His closest friend in the White House was Max Rabb, the White House man on minorities, yet even Rabb could be hard on him. “Max,” Morrow wrote in early 1956, “gave me a tongue-lashing on the Negro’s attitude on securing his civil rights. He felt that despite what the administration has done in this area, Negroes had not demonstrated any kind of gratitude and that most of the responsible officials in the White House had become completely disgusted with the whole matter. He said that there was a feeling that Negroes were
being too aggressive in their demands; that an ugliness and surliness of manner was beginning to show through. He felt the leaders’ demands were intemperate ones and had driven most of the liberals to cover. He said Negroes had made no effort to carry along with them the white friends they had gained and that what they were insisting on at the present time so far exceeded what reasonable white people would grant that he was afraid their white friends were becoming few and far between ...” That from the administration man most sensitive to minority issues.
When it came time to leave the White House, Morrow did not, as most White House assistants do, have an easy time finding a job.
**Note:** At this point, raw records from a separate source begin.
(* Let $\psi,\varphi$ be CNF formulas neither of which contains a tautological clause. If $\psi\models\varphi$, then $\psi[x_\varepsilon]\models\varphi[x_\varepsilon]$ for every variable $x\in\mathrm{Vars}(\varphi)\cup\mathrm{Vars}(\psi)$.
   Context: A CNF formula is a finite set of clauses, each clause a finite set of literals; the empty clause is unsatisfiable and the empty CNF formula is true. A clause is tautological if it contains both $x$ and $\neg x$ for some variable $x$. For a CNF formula $\phi$ and a variable $x$, the deletion reduct $\phi[x_\varepsilon]$ is obtained from $\phi$ by deleting all occurrences of the literals $x$ and $\neg x$ from all clauses (clauses are kept, possibly becoming empty). $\models$ denotes classical propositional entailment. *)

theory Defs
  imports Main
begin

text \<open>A literal is a pair (variable, polarity); True = positive literal x, False = negative literal not x.\<close>
type_synonym 'v lit = "'v \<times> bool"
type_synonym 'v clause = "'v lit set"
type_synonym 'v cnf = "'v clause set"

definition is_cnf :: "'v cnf \<Rightarrow> bool" where
  "is_cnf \<phi> \<longleftrightarrow> finite \<phi> \<and> (\<forall>C\<in>\<phi>. finite C)"

definition lit_sat :: "('v \<Rightarrow> bool) \<Rightarrow> 'v lit \<Rightarrow> bool" where
  "lit_sat \<alpha> l \<longleftrightarrow> \<alpha> (fst l) = snd l"

definition clause_sat :: "('v \<Rightarrow> bool) \<Rightarrow> 'v clause \<Rightarrow> bool" where
  "clause_sat \<alpha> C \<longleftrightarrow> (\<exists>l\<in>C. lit_sat \<alpha> l)"

definition cnf_sat :: "('v \<Rightarrow> bool) \<Rightarrow> 'v cnf \<Rightarrow> bool" where
  "cnf_sat \<alpha> \<phi> \<longleftrightarrow> (\<forall>C\<in>\<phi>. clause_sat \<alpha> C)"

definition entails :: "'v cnf \<Rightarrow> 'v cnf \<Rightarrow> bool" (infix "\<Turnstile>\<^sub>c" 50) where
  "\<psi> \<Turnstile>\<^sub>c \<phi> \<longleftrightarrow> (\<forall>\<alpha>. cnf_sat \<alpha> \<psi> \<longrightarrow> cnf_sat \<alpha> \<phi>)"

definition tautological :: "'v clause \<Rightarrow> bool" where
  "tautological C \<longleftrightarrow> (\<exists>x. (x, True) \<in> C \<and> (x, False) \<in> C)"

definition vars :: "'v cnf \<Rightarrow> 'v set" where
  "vars \<phi> = {fst l | l. \<exists>C\<in>\<phi>. l \<in> C}"

definition del_reduct :: "'v cnf \<Rightarrow> 'v \<Rightarrow> 'v cnf" where
  "del_reduct \<phi> x = (\<lambda>C. C - {(x, True), (x, False)}) ` \<phi>"

end

theory Submission
  imports Defs
begin

text \<open>If \<open>\<alpha>\<close> satisfies \<open>\<psi>[x\<^sub>\<epsilon>]\<close>, then every extension \<open>\<alpha>(x := b)\<close> satisfies \<open>\<psi>\<close> and hence \<open>\<phi>\<close>.
  A clause \<open>D\<close> of \<open>\<phi>\<close> whose reduct is falsified by \<open>\<alpha>\<close> can then only be satisfied
  through its \<open>x\<close>-literals, so it would contain both \<open>x\<close> and \<open>\<not>x\<close>.\<close>

lemma lit_sat_fun_upd_other:
  "fst l \<noteq> x \<Longrightarrow> lit_sat (\<alpha>(x := b)) l \<longleftrightarrow> lit_sat \<alpha> l"
  by (simp add: lit_sat_def)

lemma clause_sat_fun_upd_if_del:
  assumes "clause_sat \<alpha> (C - {(x, True), (x, False)})"
  shows "clause_sat (\<alpha>(x := b)) C"
proof -
  obtain l where l: "l \<in> C - {(x, True), (x, False)}" "lit_sat \<alpha> l"
    using assms unfolding clause_sat_def by blast
  have "fst l \<noteq> x"
    using l(1) by (cases l) auto
  then have "lit_sat (\<alpha>(x := b)) l"
    using l(2) by (simp add: lit_sat_fun_upd_other)
  with l(1) show ?thesis
    unfolding clause_sat_def by blast
qed

lemma cnf_sat_fun_upd_if_del_reduct:
  "cnf_sat \<alpha> (del_reduct \<psi> x) \<Longrightarrow> cnf_sat (\<alpha>(x := b)) \<psi>"
  unfolding cnf_sat_def del_reduct_def by (auto intro: clause_sat_fun_upd_if_del)

lemma clause_sat_del_if_fun_upd:
  assumes "\<not> tautological D" and "\<And>b. clause_sat (\<alpha>(x := b)) D"
  shows "clause_sat \<alpha> (D - {(x, True), (x, False)})"
proof (rule ccontr)
  assume falsified: "\<not> clause_sat \<alpha> (D - {(x, True), (x, False)})"
  have "(x, b) \<in> D" for b
  proof -
    obtain l where l: "l \<in> D" "lit_sat (\<alpha>(x := b)) l"
      using assms(2) unfolding clause_sat_def by blast
    have "fst l = x"
    proof (rule ccontr)
      assume "fst l \<noteq> x"
      then have "l \<in> D - {(x, True), (x, False)}" "lit_sat \<alpha> l"
        using l by (auto simp: lit_sat_fun_upd_other)
      then show False
        using falsified unfolding clause_sat_def by blast
    qed
    then have "l = (x, b)"
      using l(2) by (simp add: lit_sat_def prod_eq_iff)
    then show ?thesis
      using l(1) by simp
  qed
  then show False
    using assms(1) unfolding tautological_def by blast
qed

lemma cnf_sat_del_reduct_if_fun_upd:
  assumes "\<forall>D\<in>\<phi>. \<not> tautological D" and "\<And>b. cnf_sat (\<alpha>(x := b)) \<phi>"
  shows "cnf_sat \<alpha> (del_reduct \<phi> x)"
  unfolding cnf_sat_def del_reduct_def
proof
  fix D' assume "D' \<in> (\<lambda>C. C - {(x, True), (x, False)}) ` \<phi>"
  then obtain D where "D \<in> \<phi>" and "D' = D - {(x, True), (x, False)}"
    by blast
  with assms show "clause_sat \<alpha> D'"
    unfolding cnf_sat_def by (simp add: clause_sat_del_if_fun_upd)
qed

theorem mainTheorem3:
  fixes \<psi> \<phi> :: "'v cnf" and x :: 'v
  assumes "is_cnf \<psi>" and "is_cnf \<phi>"
    and "\<forall>C\<in>\<psi>. \<not> tautological C"
    and "\<forall>C\<in>\<phi>. \<not> tautological C"
    and "\<psi> \<Turnstile>\<^sub>c \<phi>"
    and "x \<in> vars \<phi> \<union> vars \<psi>"
  shows "del_reduct \<psi> x \<Turnstile>\<^sub>c del_reduct \<phi> x"
  unfolding entails_def
proof (intro allI impI)
  fix \<alpha> :: "'v \<Rightarrow> bool"
  assume "cnf_sat \<alpha> (del_reduct \<psi> x)"
  then have "cnf_sat (\<alpha>(x := b)) \<psi>" for b
    by (rule cnf_sat_fun_upd_if_del_reduct)
  with assms(5) have "cnf_sat (\<alpha>(x := b)) \<phi>" for b
    unfolding entails_def by blast
  with assms(4) show "cnf_sat \<alpha> (del_reduct \<phi> x)"
    by (rule cnf_sat_del_reduct_if_fun_upd)
qed

end
lemma psd_mat_Pi_mat:
  assumes "\<forall>k<T. psd_mat (X k)"
  shows "psd_mat (Pi_mat eps A B R F T X k)"
  unfolding Pi_mat_def using assms diff_le_self by (rule psd_mat_Pi_aux)

lemma tendsto_Pi_aux:
  assumes Xs: "\<And>x. \<forall>k<T. psd_mat (Xs x k)" and Y: "\<forall>k<T. psd_mat (Y k)"
    and lim: "\<And>k. k < T \<Longrightarrow> ((\<lambda>x. Xs x k) \<longlongrightarrow> Y k) F'"
    and "j \<le> T"
  shows "((\<lambda>x. Pi_aux eps A B R F T (Xs x) j) \<longlongrightarrow> Pi_aux eps A B R F T Y j) F'"
  using \<open>j \<le> T\<close>
proof (induction j)
  case (Suc j)
  have "T - Suc j < T" using Suc.prems by simp
  with Suc show ?case
    using tendsto_Pi_step[OF eps_pos pd_R lim _ _ Suc.IH] Xs Y psd_mat_Pi_aux[OF Xs] psd_mat_Pi_aux[OF Y]
    by simp
qed simp

lemma tendsto_Pi_mat:
  assumes "\<And>x. \<forall>k<T. psd_mat (Xs x k)" and "\<forall>k<T. psd_mat (Y k)"
    and "\<And>k. k < T \<Longrightarrow> ((\<lambda>x. Xs x k) \<longlongrightarrow> Y k) F'"
  shows "((\<lambda>x. Pi_mat eps A B R F T (Xs x) k) \<longlongrightarrow> Pi_mat eps A B R F T Y k) F'"
  unfolding Pi_mat_def using assms diff_le_self by (rule tendsto_Pi_aux)

lemma SigmaQ_det_ratio_ge:
  assumes X: "\<forall>k<T. psd_mat (X k)" and "k < T"
    and r: "r > 0" "\<And>x. r * (x \<bullet> x) \<le> x \<bullet> (R k *v x)"
  shows "1 + (r / eps) * trace (X k)
    \<le> det (X k + SigmaQ eps A B R F T X k) / det (SigmaQ eps A B R F T X k)"
proof -
  let ?C = "R k + transpose (B k) ** Pi_mat eps A B R F T X (Suc k) ** B k"
  have P: "psd_mat (Pi_mat eps A B R F T X (Suc k))" by (rule psd_mat_Pi_mat[OF X])
  have "transpose ?C = ?C"
    using pd_mat_add_congruence[OF pd_R[OF \<open>k < T\<close>] P] by (simp add: pd_mat_def)
  moreover have "r * (x \<bullet> x) \<le> x \<bullet> (?C *v x)" for x
    by (rule quadratic_form_add_congruence_ge[OF P r(2)])
  ultimately show ?thesis
    unfolding SigmaQ_def using det_ratio_ge[OF eps_pos] r(1) X \<open>k < T\<close> by blast
qed

end

locale entropic_cost = riccati_data eps A B R F T
    for eps and A :: "nat \<Rightarrow> real^'n^'n" and B :: "nat \<Rightarrow> real^'m^'n" and R F T +
  fixes Sw :: "nat \<Rightarrow> real^'n^'n" and Sx :: "real^'n^'n"
  assumes psd_Sw: "\<And>k. k < T \<Longrightarrow> psd_mat (Sw k)" and psd_Sx: "psd_mat Sx"
begin

abbreviation J :: "(nat \<Rightarrow> real^'m^'m) \<Rightarrow> real" where
  "J \<equiv> Jcheck eps A B R F Sw Sx T"

definition stage_cost :: "(nat \<Rightarrow> real^'m^'m) \<Rightarrow> nat \<Rightarrow> real" where
  "stage_cost X k = eps * ln (det (X k + SigmaQ eps A B R F T X k) / det (SigmaQ eps A B R F T X k))
      + trace (Pi_mat eps A B R F T X (Suc k) ** Sw k)"

lemma Jcheck_eq_stage_costs:
  "J X = (trace (Pi_mat eps A B R F T X 0 ** Sx) + (\<Sum>k<T. stage_cost X k)) / 2"
  by (simp add: Jcheck_def stage_cost_def)

lemma stage_cost_ge_log_trace:
  assumes X: "\<forall>k<T. psd_mat (X k)" and "k < T"
    and r: "r > 0" "\<And>x. r * (x \<bullet> x) \<le> x \<bullet> (R k *v x)"
  shows "0 \<le> eps * ln (1 + (r / eps) * trace (X k))"
    and "eps * ln (1 + (r / eps) * trace (X k)) \<le> stage_cost X k"
proof -
  have "0 \<le> trace (X k)" using X \<open>k < T\<close> trace_psd_nonneg by blast
  then have "0 \<le> (r / eps) * trace (X k)" using r(1) eps_pos by simp
  then show "0 \<le> eps * ln (1 + (r / eps) * trace (X k))" using eps_pos by simp
  from \<open>0 \<le> (r / eps) * trace (X k)\<close> have "ln (1 + (r / eps) * trace (X k))
      \<le> ln (det (X k + SigmaQ eps A B R F T X k) / det (SigmaQ eps A B R F T X k))"
    using SigmaQ_det_ratio_ge[OF X \<open>k < T\<close> r] by (subst ln_le_cancel_iff) auto
  moreover have "0 \<le> trace (Pi_mat eps A B R F T X (Suc k) ** Sw k)"
    using trace_mult_psd_nonneg[OF psd_mat_Pi_mat[OF X] psd_Sw[OF \<open>k < T\<close>]] .
  ultimately show "eps * ln (1 + (r / eps) * trace (X k)) \<le> stage_cost X k"
    using eps_pos unfolding stage_cost_def by (smt (verit) mult_left_mono)
qed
No jobs seemed to be available for a man with his experience. He was sent by a colleague to see a Washington lawyer who was a prominent power broker of the time and who was a close friend of the President. The lawyer wanted to know how much Morrow made. At that time his salary was around ten thousand dollars a year. The idea, Morrow later reflected, that a black could make more than fifty dollars a week seemed to surprise and offend the lawyer. It was clearly one more sign to him that the racial thing was getting out of control, and the lawyer took time out to lecture Morrow on the evils of the
Brown
decision and the fact that white people like himself, normally inclined to think kindly of black progress, were now turning away from integration. Nor was there a lot of help in finding a job for someone the power broker called a “nice colored boy.” Perhaps selling used cars? Perhaps working for Coke in public relations? He knew of three Negro boys who had jobs like this, although their combined salaries did not equal, as he quickly pointed out, Morrow’s White House pay. Morrow left the man’s office badly shaken. It was, he thought, as if the Civil War had never taken place. Some three years later he found a job in the private sector with Bank of America. Some thirty years later, by then in his eighties, Frederic Morrow, living in retirement in New York City, could not control the anger he felt over the hard times of prolonged unemployment in the early 1960s. He often could not sleep as he pondered how those years had burned up a large part of his limited savings.